Trump notes Strasbourg shooting to press for US border wall

AFP , Wednesday 12 Dec 2018
French city of Strasbourg
Police officers stand guard near the scene of a shooting in the French city of Strasbourg. (AFP)
Views: 2630
Views: 2630

US President Donald Trump pointed Wednesday to the mass shooting at a Christmas market in France to bolster his demands for funding to build a US border wall with Mexico.

Trump's tweet linking the issues came despite the fact that the suspect in Tuesday's attack in Strasbourg, France, is a native of the city with a criminal past and extremist views.

A French prosecutor said the gunman shouted "Allahu Akbar" -- Arabic for "God is greatest" -- before opening fire in a popular Christmas market in the city's medieval center, killing two people, leaving a third brain-dead and wounding 12 others.

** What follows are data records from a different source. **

lemma nn_integral_indicator_le_of_positive_part_bound:
  assumes S: "S \<subseteq> L0plus M" "solid M S"
    and [measurable]: "h \<in> borel_measurable M" and h_bound: "\<And>w. \<bar>h w\<bar> \<le> 1"
    and bound: "\<And>V m. V \<in> S \<Longrightarrow> (\<And>w. w \<in> space M \<Longrightarrow> V w \<le> m) \<Longrightarrow>
      expectation (\<lambda>w. max (h w) 0 * V w) \<le> c"
    and [measurable]: "B \<in> events" and level: "\<And>w. w \<in> B \<Longrightarrow> \<epsilon> \<le> h w" and \<epsilon>: "0 < \<epsilon>"
    and Y: "Y \<in> S"
  shows "(\<integral>\<^sup>+w. ennreal (Y w * indicator B w) \<partial>M) \<le> ennreal (c / \<epsilon>)"
proof (rule nn_integral_le_of_truncations)
  have Y_L0plus: "Y \<in> L0plus M"
    using subsetD[OF S(1) Y] .
  note [measurable] = L0plusD(1)[OF Y_L0plus]
  show "(\<lambda>w. Y w * indicator B w) \<in> borel_measurable M"
    by measurable
  fix m :: nat
  define V where "V w = min (Y w) (real m)" for w
  have [measurable]: "V \<in> borel_measurable M"
    unfolding V_def by measurable
  have V_bound: "0 \<le> V w \<and> V w \<le> real m" if "w \<in> space M" for w
    using L0plusD(2)[OF Y_L0plus that] by (simp add: V_def)
  have "V \<in> S"
    by (rule solidD[OF S(2) Y]) (use V_bound in \<open>auto simp: V_def\<close>)
  have "integrable M (\<lambda>w. max (h w) 0 * V w)"
  proof (rule integrable_mult_bounded)
    show "\<bar>max (h w) 0\<bar> \<le> 1" for w
      using h_bound[of w] by auto
    show "\<bar>V w\<bar> \<le> real m" if "w \<in> space M" for w
      using V_bound[OF that] by auto
  qed measurable
  then have integrable: "integrable M (\<lambda>w. max (h w) 0 * V w / \<epsilon>)"
    by simp
  have "(\<integral>\<^sup>+w. ennreal (min (Y w * indicator B w) (real m)) \<partial>M)
      \<le> (\<integral>\<^sup>+w. ennreal (max (h w) 0 * V w / \<epsilon>) \<partial>M)"
  proof (intro nn_integral_mono ennreal_leI)
    fix w assume w: "w \<in> space M"
    show "min (Y w * indicator B w) (real m) \<le> max (h w) 0 * V w / \<epsilon>"
    proof (cases "w \<in> B")
      case True
      have "\<epsilon> * V w \<le> max (h w) 0 * V w"
        using level[OF True] V_bound[OF w] by (intro mult_right_mono) auto
      with True \<epsilon> show ?thesis
        by (simp add: V_def field_simps)
    qed (use V_bound[OF w] \<epsilon> in simp)
  qed
  also have "\<dots> = ennreal (expectation (\<lambda>w. max (h w) 0 * V w) / \<epsilon>)"
    using integrable V_bound \<epsilon> by (subst nn_integral_eq_integral) auto
  also have "\<dots> \<le> ennreal (c / \<epsilon>)"
    using bound[OF \<open>V \<in> S\<close>, of "real m"] V_bound \<epsilon> by (intro ennreal_leI divide_right_mono) auto
  finally show "(\<integral>\<^sup>+w. ennreal (min (Y w * indicator B w) (real m)) \<partial>M) \<le> ennreal (c / \<epsilon>)" .
qed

Trump mentioned the attack only glancingly, using his first public comment on the incident to buttress his arguments for funding a US-Mexico border wall.

"Another very bad terror attack in France. We are going to strengthen our borders even more. Chuck and Nancy must give us the votes to get additional Border Security!," he said.

Trump clashed angrily with Senate Minority Leader Chuck Schumer and House Democratic leader Nancy Pelosi on funding for the wall Tuesday in an Oval Office meeting carried live on television.

Secretary of State Mike Pompeo also cited the Strasbourg attack to support a border wall, which was a signature promise of Trump during the 2016 presidential campaign.

"Every time we add to people here who have the risk of becoming radicalized, we increase the risk to American citizens," Pompeo told Fox News.

"We should build it out," he said of the wall. "We should do all the things we need to do to control the flow of people into our country in a way that is lawful only."

But Pompeo did not answer on whether Mexico will pay for the wall -- a favorite line of Trump at his rallies -- and said he was working with Mexico to prevent emigration at its source in conflict-ridden El Salvador, Guatemala and Honduras.

"Frankly, the most important thing we can do is turn off the flow from those three countries," he said.